(Stored items)
lemma dfs_ltree_normal_tree:
  assumes G: "graph V E" and \<pi>: "dfs_order V E s \<pi>" and T: "ltree_edge E \<pi> = TE"
  shows "\<exists>par rank. normal_tree V E TE s par rank"
proof -
  have sym: "\<And>x y. E x y \<Longrightarrow> E y x" using G unfolding graph_def by blast
  have dist: "distinct \<pi>" and set: "set \<pi> = V" and "\<pi> \<noteq> []" and root: "\<pi> ! 0 = s"
    using \<pi> hd_conv_nth[of \<pi>] unfolding dfs_order_def is_vorder_def by auto
  define pos where "pos = the_inv_into {..<length \<pi>} ((!) \<pi>)"
  define par where "par v = \<pi> ! lparent E \<pi> (pos v)" for v
  note pos_nth = the_inv_into_nth(1)[OF dist, folded pos_def]
  note nth_pos = the_inv_into_nth(2)[OF dist, folded pos_def, unfolded set]
  have par: "par (\<pi> ! i) = \<pi> ! lparent E \<pi> i" if "i < length \<pi>" for i
    unfolding par_def pos_nth[OF that] ..
  have lp: "lparent E \<pi> (pos v) < pos v \<and> E v (par v)" if v: "v \<in> V" "v \<noteq> s" for v
  proof -
    have "0 < pos v" using nth_pos[OF v(1)] v(2) root by (cases "pos v") auto
    then obtain j where "j < pos v" "E (\<pi> ! pos v) (\<pi> ! j)"
      using dfs_order_earlier_nbr[OF \<pi> sym] nth_pos[OF v(1)] by blast
    then show ?thesis using lparent_greatest(1,2)[of j "pos v" E \<pi>] nth_pos[OF v(1)] unfolding par_def by simp
  qed
  have "normal_tree V E TE s par pos"
  proof
    show "E x y \<Longrightarrow> x \<in> V \<and> y \<in> V \<and> x \<noteq> y \<and> E y x" for x y using G unfolding graph_def by blast
    show "s \<in> V" using root set \<open>\<pi> \<noteq> []\<close> nth_mem by fastforce
    show "par v \<in> V" "E (par v) v" "pos (par v) < pos v" if "v \<in> V" "v \<noteq> s" for v
      using lp[OF that] nth_pos[OF that(1)] sym[of v "par v"] pos_nth set nth_mem unfolding par_def by auto
    show "TE x y \<longleftrightarrow> (y \<in> V \<and> y \<noteq> s \<and> x = par y) \<or> (x \<in> V \<and> x \<noteq> s \<and> y = par x)" for x y
    proof -
      have "ltree_edge E \<pi> x y \<longleftrightarrow> (\<exists>v\<in>set \<pi>. v \<noteq> \<pi> ! 0 \<and> (x = v \<and> y = par v \<or> x = par v \<and> y = v))"
        by (rule ltree_edge_iff_parent[OF dist \<open>\<pi> \<noteq> []\<close>]) (use dfs_order_earlier_nbr[OF \<pi> sym] par in auto)
      then show ?thesis using T set root by auto
    qed
    show "(x, y) \<in> (tree_arcs V s par)\<^sup>+ \<or> (y, x) \<in> (tree_arcs V s par)\<^sup>+" if "E x y" for x y
      using dfs_order_edge_ancestor[OF G \<pi> that] tree_arcs_lparent[OF dist \<open>\<pi> \<noteq> []\<close> set root par]
      by simp
  qed
  then show ?thesis by blast
qed

theorem theorem7:
  fixes V :: "'a set" and E TE :: "'a \<Rightarrow> 'a \<Rightarrow> bool" and s :: 'a and \<rho> \<sigma> :: "'a list"
  assumes "graph V E" and "connected V E" and "s \<in> V"
    and "is_Ltree_DFS V E TE s"
    and "is_vorder V \<rho>" and "\<rho> \<noteq> []" and "last \<rho> = s"
    and "ordering_output V E TE s \<rho> \<sigma>"
  shows "is_Ltree_LexDFS V E TE s \<longleftrightarrow> (\<exists>t\<in>V. lexdfs_order V E t \<sigma>)"
proof -
  \<comment> \<open>Connectivity is implied by the DFS order behind \<open>TE\<close>, and only the last vertex of \<open>\<rho>\<close> matters.\<close>
  obtain \<pi> where "dfs_order V E s \<pi>" "ltree_edge E \<pi> = TE"
    using assms(4) unfolding is_Ltree_DFS_def by blast
  then obtain par rank where "normal_tree V E TE s par rank"
    using dfs_ltree_normal_tree[OF assms(1)] by blast
  then interpret normal_tree V E TE s par rank .
  show ?thesis using ordering_output_lexdfs_iff[OF assms(6-8)] .
qed

end
lemma not_above_after_cut_above:
  assumes "i \<in> set ds" "cut_above w x (w ! i) \<le> p" "p < length w"
  shows "\<not> w ! i < w ! p"
proof -
  let ?suffix = "drop (Suc x) w"
  have "\<not> w ! i < ?suffix ! (p - Suc x)"
  proof (rule not_P_nth_ge_length_takeWhile)
    show "w ! i < ?suffix ! a" if "a < b" "b < length ?suffix" "w ! i < ?suffix ! b" for a b
      using large_after_max_form_prefix[of i "Suc x + a" "Suc x + b"] that assms(1) max_pos
      by (simp add: set_ds)
  qed (use assms max_pos in \<open>auto simp: cut_above_def\<close>)
  moreover have "Suc x \<le> p" using Suc_le_cut_above assms(2) le_trans by blast
  ultimately show ?thesis using max_pos by simp
qed
lemma regret_le_linearized:
  assumes "finite A"
    and "\<And>t. t \<in> A \<Longrightarrow> proper_fun (f t) \<and> xs t \<in> subdiff (f t) (x t) \<and> z \<in> dom_subdiff (f t)"
  shows "(\<Sum>t\<in>A. f t (x t)) - (\<Sum>t\<in>A. f t z)
    \<le> ereal (\<Sum>t\<in>A. blinfun_apply (xs t) (x t) - blinfun_apply (xs t) z)"
proof -
  have finite_values: "f t (x t) = ereal (real_of_ereal (f t (x t)))"
      "f t z = ereal (real_of_ereal (f t z))" if t: "t \<in> A" for t
  proof -
    obtain u where "u \<in> subdiff (f t) z"
      using assms(2)[OF t] unfolding dom_subdiff_def by blast
    then show "f t (x t) = ereal (real_of_ereal (f t (x t)))" "f t z = ereal (real_of_ereal (f t z))"
      using assms(2)[OF t] subdiff_finite(1) by (metis ereal_real')+
  qed
  have "real_of_ereal (f t (x t)) - real_of_ereal (f t z)
      \<le> blinfun_apply (xs t) (x t) - blinfun_apply (xs t) z" if "t \<in> A" for t
    using subgradient_inequality[of "f t" "xs t" "x t" z] assms(2)[OF that] finite_values[OF that]
    by (metis ereal_less_eq(3) plus_ereal.simps(1) add.commute diff_le_eq)
  then have "(\<Sum>t\<in>A. real_of_ereal (f t (x t)) - real_of_ereal (f t z))
      \<le> (\<Sum>t\<in>A. blinfun_apply (xs t) (x t) - blinfun_apply (xs t) z)"
    by (rule sum_mono)
  moreover have "(\<Sum>t\<in>A. f t (x t)) = ereal (\<Sum>t\<in>A. real_of_ereal (f t (x t)))"
    "(\<Sum>t\<in>A. f t z) = ereal (\<Sum>t\<in>A. real_of_ereal (f t z))"
    unfolding sum_ereal[symmetric] by (intro sum.cong refl finite_values; assumption)+
  ultimately show ?thesis
    by (simp add: sum_subtractf)
qed

lemma regret_le_ereal_bound:
  fixes e :: "nat \<Rightarrow> real" and R :: "nat \<Rightarrow> ereal"
  assumes "finite A"
    and adversary: "\<And>t. t \<in> A \<Longrightarrow> proper_fun (f t) \<and> xs t \<in> subdiff (f t) (x t) \<and> z \<in> dom_subdiff (f t)"
    and e: "\<And>t. t \<in> A \<Longrightarrow> 0 < e t"
    and R: "\<And>t. t \<in> A \<Longrightarrow> 0 \<le> R t"
    and real_bound: "\<And>c. (\<And>t. t \<in> A \<Longrightarrow> R t = ereal (c t)) \<Longrightarrow>
      (\<Sum>t\<in>A. blinfun_apply (xs t) (x t) - blinfun_apply (xs t) z)
        \<le> B / e0 + (\<Sum>t\<in>A. (c t - b t) / e t)"
  shows "(\<Sum>t\<in>A. f t (x t)) - (\<Sum>t\<in>A. f t z)
    \<le> ereal (1 / e0) * ereal B + (\<Sum>t\<in>A. ereal (1 / e t) * R t) - (\<Sum>t\<in>A. ereal (1 / e t) * ereal (b t))"
proof -
  have b_sum: "(\<Sum>t\<in>A. ereal (1 / e t) * ereal (b t)) = ereal (\<Sum>t\<in>A. b t / e t)"
    by simp
  show ?thesis
  proof (cases "\<exists>t\<in>A. R t = \<infinity>")
    case True
    then obtain s where "s \<in> A" "ereal (1 / e s) * R s = \<infinity>"
      using e by force
    then have "(\<Sum>t\<in>A. ereal (1 / e t) * R t) = \<infinity>"
      using \<open>finite A\<close> by (auto simp: sum_Pinfty)
    then show ?thesis
      by (simp add: b_sum)
  next
    case False
    define c where "c t = real_of_ereal (R t)" for t
    have c: "R t = ereal (c t)" if "t \<in> A" for t
      using False R[OF that] that unfolding c_def by (cases "R t") auto
    have "(\<Sum>t\<in>A. ereal (1 / e t) * R t) = (\<Sum>t\<in>A. ereal (c t / e t))"
      by (rule sum.cong) (simp_all add: c)
    then have rhs: "ereal (1 / e0) * ereal B + (\<Sum>t\<in>A. ereal (1 / e t) * R t)
          - (\<Sum>t\<in>A. ereal (1 / e t) * ereal (b t))
        = ereal (B / e0 + (\<Sum>t\<in>A. (c t - b t) / e t))"
      by (simp add: b_sum diff_divide_distrib sum_subtractf)
    have "(\<Sum>t\<in>A. blinfun_apply (xs t) (x t) - blinfun_apply (xs t) z)
        \<le> B / e0 + (\<Sum>t\<in>A. (c t - b t) / e t)"
      using c by (rule real_bound)
    moreover have "(\<Sum>t\<in>A. f t (x t)) - (\<Sum>t\<in>A. f t z)
        \<le> ereal (\<Sum>t\<in>A. blinfun_apply (xs t) (x t) - blinfun_apply (xs t) z)"
      using \<open>finite A\<close> adversary by (rule regret_le_linearized)
    ultimately show ?thesis
      unfolding rhs by (simp add: order_trans)
  qed
qed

§ WHAT YOU WILL DO:
Provide solely the number of lines in the data that include the word "adversary".

§ WRITTEN ANSWER:
2